(INPUT MATERIAL Opens)
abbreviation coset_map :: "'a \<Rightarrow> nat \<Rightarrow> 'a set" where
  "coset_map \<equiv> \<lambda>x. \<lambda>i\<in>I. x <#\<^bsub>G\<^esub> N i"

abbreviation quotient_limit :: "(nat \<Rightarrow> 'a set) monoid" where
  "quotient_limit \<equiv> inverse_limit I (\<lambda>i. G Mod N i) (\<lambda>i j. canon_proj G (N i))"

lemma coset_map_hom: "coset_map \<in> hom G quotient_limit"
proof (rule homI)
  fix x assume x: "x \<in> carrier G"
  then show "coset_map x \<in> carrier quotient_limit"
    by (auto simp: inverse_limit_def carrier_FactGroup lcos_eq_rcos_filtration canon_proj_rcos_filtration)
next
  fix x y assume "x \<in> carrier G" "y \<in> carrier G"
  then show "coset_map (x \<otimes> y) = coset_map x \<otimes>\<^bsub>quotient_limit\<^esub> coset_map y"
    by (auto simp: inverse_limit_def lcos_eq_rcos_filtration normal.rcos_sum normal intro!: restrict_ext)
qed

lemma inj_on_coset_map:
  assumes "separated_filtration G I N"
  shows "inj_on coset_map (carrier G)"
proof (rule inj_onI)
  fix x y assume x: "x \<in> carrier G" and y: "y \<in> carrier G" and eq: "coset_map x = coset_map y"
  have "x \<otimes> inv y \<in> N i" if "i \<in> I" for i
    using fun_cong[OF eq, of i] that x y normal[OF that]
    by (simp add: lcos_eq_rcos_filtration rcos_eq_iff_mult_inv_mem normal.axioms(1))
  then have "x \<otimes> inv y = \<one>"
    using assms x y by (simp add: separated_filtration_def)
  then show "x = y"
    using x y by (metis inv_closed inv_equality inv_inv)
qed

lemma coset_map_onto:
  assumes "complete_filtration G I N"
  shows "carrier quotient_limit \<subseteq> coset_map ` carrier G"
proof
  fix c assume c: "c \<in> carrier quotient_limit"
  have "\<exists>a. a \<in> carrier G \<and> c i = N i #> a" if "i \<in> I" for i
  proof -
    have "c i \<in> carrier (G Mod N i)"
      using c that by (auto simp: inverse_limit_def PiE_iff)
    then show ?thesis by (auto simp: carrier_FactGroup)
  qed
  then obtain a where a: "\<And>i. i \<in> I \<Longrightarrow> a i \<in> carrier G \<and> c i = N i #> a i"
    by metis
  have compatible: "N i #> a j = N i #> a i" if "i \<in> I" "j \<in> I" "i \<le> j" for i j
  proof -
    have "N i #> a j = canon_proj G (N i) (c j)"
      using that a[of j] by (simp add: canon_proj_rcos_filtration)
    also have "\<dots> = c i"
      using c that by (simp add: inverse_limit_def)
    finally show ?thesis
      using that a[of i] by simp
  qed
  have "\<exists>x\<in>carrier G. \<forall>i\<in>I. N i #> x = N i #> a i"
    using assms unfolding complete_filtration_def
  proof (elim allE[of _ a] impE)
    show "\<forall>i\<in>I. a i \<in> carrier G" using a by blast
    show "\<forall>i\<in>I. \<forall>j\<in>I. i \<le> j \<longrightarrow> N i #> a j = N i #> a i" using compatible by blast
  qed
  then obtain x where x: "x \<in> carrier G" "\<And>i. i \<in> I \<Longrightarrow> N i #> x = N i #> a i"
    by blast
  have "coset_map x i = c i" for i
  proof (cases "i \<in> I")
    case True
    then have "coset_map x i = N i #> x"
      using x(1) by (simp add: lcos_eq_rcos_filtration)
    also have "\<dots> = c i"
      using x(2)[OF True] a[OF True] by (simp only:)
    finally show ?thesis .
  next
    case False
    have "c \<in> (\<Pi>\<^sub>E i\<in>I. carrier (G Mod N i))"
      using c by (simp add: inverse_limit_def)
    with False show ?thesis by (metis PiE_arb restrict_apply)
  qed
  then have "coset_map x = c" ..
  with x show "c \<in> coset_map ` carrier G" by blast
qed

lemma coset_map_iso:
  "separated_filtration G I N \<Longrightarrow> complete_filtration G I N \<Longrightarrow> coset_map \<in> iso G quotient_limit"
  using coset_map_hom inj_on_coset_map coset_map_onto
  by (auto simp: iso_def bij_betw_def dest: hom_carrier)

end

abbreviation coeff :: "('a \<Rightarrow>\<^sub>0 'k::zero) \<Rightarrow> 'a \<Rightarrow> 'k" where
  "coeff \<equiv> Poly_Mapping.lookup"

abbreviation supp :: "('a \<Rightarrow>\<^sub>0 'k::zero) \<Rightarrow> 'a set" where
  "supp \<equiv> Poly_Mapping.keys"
(INPUT MATERIAL Closes)
Looking at the data above, say how many lines include the string "normal" and add nothing.

3